Start of Block

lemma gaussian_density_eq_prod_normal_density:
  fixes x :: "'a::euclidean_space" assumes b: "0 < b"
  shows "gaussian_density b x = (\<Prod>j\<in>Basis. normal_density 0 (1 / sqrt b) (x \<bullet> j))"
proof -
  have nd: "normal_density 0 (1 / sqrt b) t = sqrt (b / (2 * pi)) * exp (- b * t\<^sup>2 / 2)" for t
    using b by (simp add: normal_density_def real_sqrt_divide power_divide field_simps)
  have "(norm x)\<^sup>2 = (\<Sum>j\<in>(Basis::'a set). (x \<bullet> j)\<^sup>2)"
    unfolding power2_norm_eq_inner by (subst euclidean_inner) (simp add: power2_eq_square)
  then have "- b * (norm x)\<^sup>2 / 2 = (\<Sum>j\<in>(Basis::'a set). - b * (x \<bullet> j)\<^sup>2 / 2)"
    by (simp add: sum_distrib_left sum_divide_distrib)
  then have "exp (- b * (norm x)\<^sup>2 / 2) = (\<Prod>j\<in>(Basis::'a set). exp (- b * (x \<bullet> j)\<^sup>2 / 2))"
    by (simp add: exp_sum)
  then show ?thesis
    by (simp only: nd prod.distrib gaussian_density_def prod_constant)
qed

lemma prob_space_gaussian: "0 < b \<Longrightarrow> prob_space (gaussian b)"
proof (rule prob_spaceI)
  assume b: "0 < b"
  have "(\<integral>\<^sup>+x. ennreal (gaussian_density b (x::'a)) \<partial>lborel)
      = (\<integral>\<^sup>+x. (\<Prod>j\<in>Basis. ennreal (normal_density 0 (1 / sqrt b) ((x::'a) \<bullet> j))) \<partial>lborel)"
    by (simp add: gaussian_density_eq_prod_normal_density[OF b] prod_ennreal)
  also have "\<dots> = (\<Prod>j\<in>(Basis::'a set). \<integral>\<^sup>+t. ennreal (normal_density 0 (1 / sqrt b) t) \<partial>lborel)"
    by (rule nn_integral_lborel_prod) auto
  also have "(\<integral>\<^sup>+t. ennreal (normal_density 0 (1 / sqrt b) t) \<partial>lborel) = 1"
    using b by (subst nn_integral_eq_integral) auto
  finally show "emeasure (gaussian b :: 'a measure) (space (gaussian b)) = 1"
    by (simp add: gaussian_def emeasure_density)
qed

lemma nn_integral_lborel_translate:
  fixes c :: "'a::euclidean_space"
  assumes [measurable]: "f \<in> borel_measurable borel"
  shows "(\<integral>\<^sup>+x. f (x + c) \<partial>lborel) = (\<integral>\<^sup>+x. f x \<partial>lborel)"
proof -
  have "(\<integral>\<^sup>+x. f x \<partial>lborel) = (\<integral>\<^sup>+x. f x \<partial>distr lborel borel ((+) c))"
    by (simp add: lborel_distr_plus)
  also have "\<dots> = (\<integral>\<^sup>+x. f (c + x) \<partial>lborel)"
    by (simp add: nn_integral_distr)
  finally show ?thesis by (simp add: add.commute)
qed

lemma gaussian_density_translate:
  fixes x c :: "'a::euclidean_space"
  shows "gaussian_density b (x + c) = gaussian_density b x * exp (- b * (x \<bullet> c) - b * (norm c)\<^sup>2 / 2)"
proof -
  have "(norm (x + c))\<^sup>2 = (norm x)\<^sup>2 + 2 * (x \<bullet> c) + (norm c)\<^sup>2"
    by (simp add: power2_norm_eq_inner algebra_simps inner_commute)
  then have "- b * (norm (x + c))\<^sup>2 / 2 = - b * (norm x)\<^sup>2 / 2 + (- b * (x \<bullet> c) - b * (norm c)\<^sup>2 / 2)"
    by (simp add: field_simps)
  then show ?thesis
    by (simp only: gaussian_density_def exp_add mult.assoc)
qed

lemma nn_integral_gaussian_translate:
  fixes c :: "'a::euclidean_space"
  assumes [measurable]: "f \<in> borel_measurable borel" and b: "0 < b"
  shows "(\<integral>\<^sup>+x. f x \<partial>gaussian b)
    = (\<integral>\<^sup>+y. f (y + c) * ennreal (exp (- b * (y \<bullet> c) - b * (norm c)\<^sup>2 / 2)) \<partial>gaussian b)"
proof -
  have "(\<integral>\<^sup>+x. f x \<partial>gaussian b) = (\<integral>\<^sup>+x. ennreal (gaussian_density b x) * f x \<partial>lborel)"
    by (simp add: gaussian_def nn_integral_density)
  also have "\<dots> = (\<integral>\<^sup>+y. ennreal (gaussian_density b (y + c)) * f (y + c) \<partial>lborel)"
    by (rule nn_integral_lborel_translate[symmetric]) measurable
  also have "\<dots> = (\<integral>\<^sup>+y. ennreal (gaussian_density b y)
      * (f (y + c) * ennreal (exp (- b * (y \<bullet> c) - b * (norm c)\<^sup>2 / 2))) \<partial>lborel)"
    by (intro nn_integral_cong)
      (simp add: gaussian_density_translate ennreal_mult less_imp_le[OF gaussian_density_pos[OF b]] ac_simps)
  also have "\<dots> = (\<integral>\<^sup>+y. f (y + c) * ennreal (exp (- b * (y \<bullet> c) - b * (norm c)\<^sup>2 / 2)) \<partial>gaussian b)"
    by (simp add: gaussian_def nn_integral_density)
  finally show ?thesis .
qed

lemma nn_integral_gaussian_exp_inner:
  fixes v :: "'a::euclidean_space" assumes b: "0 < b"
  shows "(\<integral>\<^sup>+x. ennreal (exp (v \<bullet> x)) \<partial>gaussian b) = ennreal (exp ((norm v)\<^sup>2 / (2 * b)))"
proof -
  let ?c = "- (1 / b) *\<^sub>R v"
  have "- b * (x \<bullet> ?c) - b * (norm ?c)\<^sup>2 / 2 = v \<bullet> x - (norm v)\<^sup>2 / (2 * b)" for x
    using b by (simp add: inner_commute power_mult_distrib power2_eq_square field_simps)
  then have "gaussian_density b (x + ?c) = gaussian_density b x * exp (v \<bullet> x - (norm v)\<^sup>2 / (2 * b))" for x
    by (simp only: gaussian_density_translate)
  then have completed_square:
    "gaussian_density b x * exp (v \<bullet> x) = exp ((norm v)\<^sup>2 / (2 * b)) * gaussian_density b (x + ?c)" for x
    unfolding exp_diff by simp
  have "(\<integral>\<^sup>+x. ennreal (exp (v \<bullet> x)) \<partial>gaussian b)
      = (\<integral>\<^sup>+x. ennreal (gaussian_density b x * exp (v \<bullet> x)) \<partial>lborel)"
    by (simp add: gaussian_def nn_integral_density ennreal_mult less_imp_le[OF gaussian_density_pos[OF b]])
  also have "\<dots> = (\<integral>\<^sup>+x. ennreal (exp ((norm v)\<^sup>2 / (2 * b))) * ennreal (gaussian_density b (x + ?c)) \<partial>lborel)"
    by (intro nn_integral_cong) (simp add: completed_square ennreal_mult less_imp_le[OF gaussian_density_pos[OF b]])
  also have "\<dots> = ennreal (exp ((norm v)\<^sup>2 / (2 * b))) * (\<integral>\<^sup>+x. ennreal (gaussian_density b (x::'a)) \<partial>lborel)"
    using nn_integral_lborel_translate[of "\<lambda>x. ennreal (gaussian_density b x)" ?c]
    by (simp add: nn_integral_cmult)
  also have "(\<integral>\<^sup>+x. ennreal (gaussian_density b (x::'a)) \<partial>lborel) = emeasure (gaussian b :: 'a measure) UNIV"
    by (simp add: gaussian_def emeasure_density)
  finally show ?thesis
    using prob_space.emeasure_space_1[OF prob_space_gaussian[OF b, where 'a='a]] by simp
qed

End of Block
Start of Block

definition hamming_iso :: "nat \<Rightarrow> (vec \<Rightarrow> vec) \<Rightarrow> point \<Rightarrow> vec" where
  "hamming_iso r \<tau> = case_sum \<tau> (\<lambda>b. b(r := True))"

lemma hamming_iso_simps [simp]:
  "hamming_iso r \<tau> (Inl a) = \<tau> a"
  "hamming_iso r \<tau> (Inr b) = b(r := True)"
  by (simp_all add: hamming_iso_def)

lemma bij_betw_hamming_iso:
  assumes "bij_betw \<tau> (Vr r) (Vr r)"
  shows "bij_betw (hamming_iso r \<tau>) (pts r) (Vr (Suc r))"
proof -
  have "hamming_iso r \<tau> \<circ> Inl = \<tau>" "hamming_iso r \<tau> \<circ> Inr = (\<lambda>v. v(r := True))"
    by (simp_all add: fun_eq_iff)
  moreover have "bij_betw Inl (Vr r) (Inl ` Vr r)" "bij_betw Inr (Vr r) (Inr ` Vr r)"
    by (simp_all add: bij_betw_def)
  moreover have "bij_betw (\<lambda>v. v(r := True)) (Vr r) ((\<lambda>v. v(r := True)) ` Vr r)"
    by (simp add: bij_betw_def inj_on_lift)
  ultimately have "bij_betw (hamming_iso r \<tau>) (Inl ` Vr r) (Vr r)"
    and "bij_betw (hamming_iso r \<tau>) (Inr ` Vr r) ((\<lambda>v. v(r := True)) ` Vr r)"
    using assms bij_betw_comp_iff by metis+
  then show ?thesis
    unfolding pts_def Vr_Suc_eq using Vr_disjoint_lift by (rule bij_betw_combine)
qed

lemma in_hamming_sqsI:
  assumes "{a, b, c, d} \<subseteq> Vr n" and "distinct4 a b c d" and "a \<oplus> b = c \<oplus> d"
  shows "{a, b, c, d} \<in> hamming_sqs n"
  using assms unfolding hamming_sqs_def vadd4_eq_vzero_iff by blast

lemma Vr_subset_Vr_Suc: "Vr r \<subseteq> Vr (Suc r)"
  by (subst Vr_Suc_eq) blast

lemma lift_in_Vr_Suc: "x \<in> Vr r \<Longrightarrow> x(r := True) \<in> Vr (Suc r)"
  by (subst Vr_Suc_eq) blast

End of Block

WORK REQUIRED: All lines above from the one with "b) = ennreal" to the one with "(gaussian_density b x *", inclusive, should be copied exactly, and no other lines.

TASK SOLUTION:
  shows "(\<integral>\<^sup>+x. ennreal (exp (v \<bullet> x)) \<partial>gaussian b) = ennreal (exp ((norm v)\<^sup>2 / (2 * b)))"
proof -
  let ?c = "- (1 / b) *\<^sub>R v"
  have "- b * (x \<bullet> ?c) - b * (norm ?c)\<^sup>2 / 2 = v \<bullet> x - (norm v)\<^sup>2 / (2 * b)" for x
    using b by (simp add: inner_commute power_mult_distrib power2_eq_square field_simps)
  then have "gaussian_density b (x + ?c) = gaussian_density b x * exp (v \<bullet> x - (norm v)\<^sup>2 / (2 * b))" for x
    by (simp only: gaussian_density_translate)
  then have completed_square:
    "gaussian_density b x * exp (v \<bullet> x) = exp ((norm v)\<^sup>2 / (2 * b)) * gaussian_density b (x + ?c)" for x
    unfolding exp_diff by simp
  have "(\<integral>\<^sup>+x. ennreal (exp (v \<bullet> x)) \<partial>gaussian b)
      = (\<integral>\<^sup>+x. ennreal (gaussian_density b x * exp (v \<bullet> x)) \<partial>lborel)"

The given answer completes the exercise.